-- Exercise directions --
Copy out, from the entries below, each line holding the string "descent".

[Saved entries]

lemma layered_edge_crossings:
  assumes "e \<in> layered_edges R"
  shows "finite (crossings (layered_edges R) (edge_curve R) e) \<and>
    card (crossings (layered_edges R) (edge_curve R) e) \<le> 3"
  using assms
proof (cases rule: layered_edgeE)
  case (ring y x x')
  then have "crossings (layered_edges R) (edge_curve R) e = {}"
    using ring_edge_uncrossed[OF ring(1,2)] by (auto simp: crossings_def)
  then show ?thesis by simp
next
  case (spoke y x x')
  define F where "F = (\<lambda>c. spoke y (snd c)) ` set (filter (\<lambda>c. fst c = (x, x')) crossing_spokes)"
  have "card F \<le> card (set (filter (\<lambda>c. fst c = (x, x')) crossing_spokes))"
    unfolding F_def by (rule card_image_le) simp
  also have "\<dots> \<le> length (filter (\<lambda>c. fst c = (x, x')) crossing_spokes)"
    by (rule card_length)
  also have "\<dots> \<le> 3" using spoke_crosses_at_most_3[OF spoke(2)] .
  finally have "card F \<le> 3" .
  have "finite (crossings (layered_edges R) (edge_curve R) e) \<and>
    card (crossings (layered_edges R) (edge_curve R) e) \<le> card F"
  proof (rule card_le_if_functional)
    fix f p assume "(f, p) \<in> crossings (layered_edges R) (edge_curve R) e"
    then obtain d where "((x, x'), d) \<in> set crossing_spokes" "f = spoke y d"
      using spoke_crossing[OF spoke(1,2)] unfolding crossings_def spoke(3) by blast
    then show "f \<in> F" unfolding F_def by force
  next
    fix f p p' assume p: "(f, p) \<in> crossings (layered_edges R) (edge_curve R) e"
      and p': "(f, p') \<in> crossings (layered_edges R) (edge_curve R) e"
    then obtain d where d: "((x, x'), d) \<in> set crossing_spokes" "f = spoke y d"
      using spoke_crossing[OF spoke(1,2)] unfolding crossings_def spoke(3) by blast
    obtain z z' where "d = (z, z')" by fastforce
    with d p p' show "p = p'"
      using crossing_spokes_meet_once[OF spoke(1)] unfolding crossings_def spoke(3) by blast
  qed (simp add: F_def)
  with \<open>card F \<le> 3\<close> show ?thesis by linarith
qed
* * *
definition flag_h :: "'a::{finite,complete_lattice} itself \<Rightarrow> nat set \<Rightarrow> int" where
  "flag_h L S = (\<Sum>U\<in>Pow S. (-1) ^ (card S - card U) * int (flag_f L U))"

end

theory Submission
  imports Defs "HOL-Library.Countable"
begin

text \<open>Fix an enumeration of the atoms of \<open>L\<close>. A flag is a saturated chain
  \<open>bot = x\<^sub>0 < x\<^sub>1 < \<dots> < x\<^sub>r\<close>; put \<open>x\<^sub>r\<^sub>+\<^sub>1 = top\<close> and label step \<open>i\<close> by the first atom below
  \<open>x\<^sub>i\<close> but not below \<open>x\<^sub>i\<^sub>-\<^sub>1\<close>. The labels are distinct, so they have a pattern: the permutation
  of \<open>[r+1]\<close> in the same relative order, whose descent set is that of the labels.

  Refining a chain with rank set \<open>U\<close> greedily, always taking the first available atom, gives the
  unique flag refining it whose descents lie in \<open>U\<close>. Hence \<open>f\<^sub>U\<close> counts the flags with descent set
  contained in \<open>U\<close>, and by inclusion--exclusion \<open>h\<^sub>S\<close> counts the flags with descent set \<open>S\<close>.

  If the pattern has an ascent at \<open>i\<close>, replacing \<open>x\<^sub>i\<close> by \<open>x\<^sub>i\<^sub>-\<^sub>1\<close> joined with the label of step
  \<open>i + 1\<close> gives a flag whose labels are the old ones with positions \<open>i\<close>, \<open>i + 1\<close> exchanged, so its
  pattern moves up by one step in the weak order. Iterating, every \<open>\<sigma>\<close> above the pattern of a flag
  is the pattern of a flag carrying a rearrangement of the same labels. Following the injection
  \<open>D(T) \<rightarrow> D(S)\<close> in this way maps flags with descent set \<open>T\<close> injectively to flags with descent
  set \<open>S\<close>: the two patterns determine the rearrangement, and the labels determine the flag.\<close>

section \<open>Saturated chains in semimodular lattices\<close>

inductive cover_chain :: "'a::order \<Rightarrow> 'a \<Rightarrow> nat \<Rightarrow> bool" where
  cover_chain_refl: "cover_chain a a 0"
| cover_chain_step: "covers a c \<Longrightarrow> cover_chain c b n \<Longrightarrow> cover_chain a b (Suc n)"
==
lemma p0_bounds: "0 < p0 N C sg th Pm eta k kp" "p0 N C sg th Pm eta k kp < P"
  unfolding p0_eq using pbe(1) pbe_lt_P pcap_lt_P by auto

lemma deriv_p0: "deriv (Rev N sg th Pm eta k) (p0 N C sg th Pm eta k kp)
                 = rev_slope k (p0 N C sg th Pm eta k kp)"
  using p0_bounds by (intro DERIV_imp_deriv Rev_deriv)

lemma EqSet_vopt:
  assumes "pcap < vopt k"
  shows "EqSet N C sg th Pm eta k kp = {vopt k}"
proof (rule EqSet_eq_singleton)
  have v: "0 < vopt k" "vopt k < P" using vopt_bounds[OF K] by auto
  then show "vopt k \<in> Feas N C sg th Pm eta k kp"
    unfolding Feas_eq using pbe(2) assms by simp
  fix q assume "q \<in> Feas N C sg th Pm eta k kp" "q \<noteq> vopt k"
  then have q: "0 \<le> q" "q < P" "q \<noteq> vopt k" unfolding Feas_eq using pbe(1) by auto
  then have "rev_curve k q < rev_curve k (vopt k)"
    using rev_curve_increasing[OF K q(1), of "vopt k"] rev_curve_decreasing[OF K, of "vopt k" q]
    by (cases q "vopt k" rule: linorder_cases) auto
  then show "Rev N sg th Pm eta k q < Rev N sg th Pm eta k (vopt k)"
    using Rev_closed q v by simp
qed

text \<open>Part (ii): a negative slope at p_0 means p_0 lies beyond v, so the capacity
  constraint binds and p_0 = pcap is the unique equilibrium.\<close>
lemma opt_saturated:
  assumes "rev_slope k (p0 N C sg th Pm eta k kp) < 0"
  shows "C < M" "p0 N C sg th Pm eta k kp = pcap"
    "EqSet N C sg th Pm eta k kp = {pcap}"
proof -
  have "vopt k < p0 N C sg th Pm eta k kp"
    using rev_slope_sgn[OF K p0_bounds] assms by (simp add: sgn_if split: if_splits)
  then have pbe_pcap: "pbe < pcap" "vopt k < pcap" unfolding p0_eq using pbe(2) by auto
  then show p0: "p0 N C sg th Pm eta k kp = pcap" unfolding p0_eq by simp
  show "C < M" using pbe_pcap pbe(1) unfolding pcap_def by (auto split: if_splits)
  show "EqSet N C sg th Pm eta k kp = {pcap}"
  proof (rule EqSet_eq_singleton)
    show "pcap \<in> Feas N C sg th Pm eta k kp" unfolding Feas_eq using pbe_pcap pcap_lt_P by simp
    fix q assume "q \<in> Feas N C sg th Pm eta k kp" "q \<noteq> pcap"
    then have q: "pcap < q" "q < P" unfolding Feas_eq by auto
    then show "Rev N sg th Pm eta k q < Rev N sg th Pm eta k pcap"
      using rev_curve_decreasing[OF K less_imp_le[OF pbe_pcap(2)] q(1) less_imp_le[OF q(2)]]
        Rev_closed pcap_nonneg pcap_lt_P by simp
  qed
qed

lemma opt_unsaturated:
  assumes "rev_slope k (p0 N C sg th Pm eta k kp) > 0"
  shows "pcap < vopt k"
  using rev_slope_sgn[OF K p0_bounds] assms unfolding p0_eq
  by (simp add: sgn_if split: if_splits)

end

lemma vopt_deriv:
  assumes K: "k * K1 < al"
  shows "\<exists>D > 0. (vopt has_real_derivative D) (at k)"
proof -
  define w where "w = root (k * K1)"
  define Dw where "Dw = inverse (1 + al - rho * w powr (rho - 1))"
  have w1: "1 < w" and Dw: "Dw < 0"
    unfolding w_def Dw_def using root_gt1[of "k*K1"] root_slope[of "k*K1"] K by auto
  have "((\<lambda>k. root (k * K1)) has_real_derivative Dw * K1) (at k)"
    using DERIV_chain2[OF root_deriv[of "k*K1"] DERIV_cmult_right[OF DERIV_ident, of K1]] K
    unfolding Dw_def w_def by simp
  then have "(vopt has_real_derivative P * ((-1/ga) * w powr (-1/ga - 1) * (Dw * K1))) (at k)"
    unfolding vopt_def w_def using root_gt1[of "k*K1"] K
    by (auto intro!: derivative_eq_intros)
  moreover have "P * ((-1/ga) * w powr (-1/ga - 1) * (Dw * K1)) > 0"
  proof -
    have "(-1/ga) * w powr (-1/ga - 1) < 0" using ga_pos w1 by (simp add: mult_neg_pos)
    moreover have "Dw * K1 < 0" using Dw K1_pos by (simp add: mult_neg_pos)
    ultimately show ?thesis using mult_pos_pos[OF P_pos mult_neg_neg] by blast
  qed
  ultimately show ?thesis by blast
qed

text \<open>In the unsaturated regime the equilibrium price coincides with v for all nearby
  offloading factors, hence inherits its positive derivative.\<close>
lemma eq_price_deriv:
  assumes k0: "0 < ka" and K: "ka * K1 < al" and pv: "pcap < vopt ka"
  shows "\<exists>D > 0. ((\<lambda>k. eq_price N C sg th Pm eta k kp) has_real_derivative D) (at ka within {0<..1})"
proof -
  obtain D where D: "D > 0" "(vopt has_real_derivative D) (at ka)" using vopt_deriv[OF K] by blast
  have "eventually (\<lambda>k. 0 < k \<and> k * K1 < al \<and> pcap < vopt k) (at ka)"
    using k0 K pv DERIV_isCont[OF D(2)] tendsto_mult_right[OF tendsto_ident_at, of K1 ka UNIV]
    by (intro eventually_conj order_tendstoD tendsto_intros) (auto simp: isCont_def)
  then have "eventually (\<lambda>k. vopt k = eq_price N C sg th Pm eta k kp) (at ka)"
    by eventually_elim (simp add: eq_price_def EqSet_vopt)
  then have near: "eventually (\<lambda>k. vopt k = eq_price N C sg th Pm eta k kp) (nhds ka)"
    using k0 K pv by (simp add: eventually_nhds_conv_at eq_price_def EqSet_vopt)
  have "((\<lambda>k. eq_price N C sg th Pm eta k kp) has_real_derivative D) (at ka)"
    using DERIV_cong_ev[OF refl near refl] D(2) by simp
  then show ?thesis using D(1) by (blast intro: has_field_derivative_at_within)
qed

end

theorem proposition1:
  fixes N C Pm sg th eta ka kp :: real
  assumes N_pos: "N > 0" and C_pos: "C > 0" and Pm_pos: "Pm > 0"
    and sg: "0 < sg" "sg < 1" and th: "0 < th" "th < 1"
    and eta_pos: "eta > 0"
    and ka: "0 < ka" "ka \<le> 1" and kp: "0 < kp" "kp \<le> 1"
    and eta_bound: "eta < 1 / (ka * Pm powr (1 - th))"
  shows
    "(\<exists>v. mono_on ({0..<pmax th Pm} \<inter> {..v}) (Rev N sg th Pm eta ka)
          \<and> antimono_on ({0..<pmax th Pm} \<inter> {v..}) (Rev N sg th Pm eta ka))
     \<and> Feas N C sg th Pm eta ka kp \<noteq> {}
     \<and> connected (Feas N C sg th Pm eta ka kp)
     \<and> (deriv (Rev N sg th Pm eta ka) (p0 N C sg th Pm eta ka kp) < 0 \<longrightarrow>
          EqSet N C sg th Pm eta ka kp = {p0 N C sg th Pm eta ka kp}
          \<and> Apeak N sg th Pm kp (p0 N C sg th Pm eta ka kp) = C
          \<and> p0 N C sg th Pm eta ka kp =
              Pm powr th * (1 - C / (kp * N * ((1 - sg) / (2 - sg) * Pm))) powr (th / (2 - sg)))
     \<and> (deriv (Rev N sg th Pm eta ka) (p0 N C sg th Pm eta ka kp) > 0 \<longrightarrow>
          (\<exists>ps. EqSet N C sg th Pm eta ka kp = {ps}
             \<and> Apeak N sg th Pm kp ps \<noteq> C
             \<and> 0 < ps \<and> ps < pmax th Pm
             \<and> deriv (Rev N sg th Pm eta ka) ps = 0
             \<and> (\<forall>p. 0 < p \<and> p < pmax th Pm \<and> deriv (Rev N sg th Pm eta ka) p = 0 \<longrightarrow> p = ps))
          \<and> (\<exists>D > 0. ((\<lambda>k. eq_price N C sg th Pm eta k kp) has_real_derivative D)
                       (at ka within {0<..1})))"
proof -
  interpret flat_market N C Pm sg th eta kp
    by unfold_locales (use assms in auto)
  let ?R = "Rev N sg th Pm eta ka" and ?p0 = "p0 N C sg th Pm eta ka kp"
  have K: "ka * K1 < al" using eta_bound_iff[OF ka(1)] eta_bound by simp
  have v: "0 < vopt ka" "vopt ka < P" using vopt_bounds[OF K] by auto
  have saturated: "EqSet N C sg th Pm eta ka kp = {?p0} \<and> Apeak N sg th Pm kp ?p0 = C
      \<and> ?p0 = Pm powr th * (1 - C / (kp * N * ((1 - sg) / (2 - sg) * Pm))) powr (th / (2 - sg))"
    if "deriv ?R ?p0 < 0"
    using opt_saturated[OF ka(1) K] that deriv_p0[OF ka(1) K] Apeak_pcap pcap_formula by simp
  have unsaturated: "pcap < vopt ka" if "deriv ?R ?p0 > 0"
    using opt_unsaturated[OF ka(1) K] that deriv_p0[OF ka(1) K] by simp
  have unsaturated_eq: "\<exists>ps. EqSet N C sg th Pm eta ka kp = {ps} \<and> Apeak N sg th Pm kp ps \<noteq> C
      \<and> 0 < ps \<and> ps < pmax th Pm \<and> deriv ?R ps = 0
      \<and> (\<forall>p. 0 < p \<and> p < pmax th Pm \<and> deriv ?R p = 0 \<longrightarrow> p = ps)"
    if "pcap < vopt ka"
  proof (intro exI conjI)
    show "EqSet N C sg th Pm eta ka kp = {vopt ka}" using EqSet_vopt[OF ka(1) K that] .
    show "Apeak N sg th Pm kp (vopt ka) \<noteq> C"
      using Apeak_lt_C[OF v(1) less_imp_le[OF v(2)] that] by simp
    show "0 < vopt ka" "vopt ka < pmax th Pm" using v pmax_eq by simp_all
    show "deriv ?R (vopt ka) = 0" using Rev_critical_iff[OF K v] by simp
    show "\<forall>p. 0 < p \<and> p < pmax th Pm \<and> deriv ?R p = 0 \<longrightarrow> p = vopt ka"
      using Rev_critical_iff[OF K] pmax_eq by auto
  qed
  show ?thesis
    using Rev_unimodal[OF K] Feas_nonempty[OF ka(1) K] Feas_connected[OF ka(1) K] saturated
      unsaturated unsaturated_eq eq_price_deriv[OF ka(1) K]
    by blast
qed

-- Response --
  of \<open>[r+1]\<close> in the same relative order, whose descent set is that of the labels.
  unique flag refining it whose descents lie in \<open>U\<close>. Hence \<open>f\<^sub>U\<close> counts the flags with descent set
  contained in \<open>U\<close>, and by inclusion--exclusion \<open>h\<^sub>S\<close> counts the flags with descent set \<open>S\<close>.
  \<open>D(T) \<rightarrow> D(S)\<close> in this way maps flags with descent set \<open>T\<close> injectively to flags with descent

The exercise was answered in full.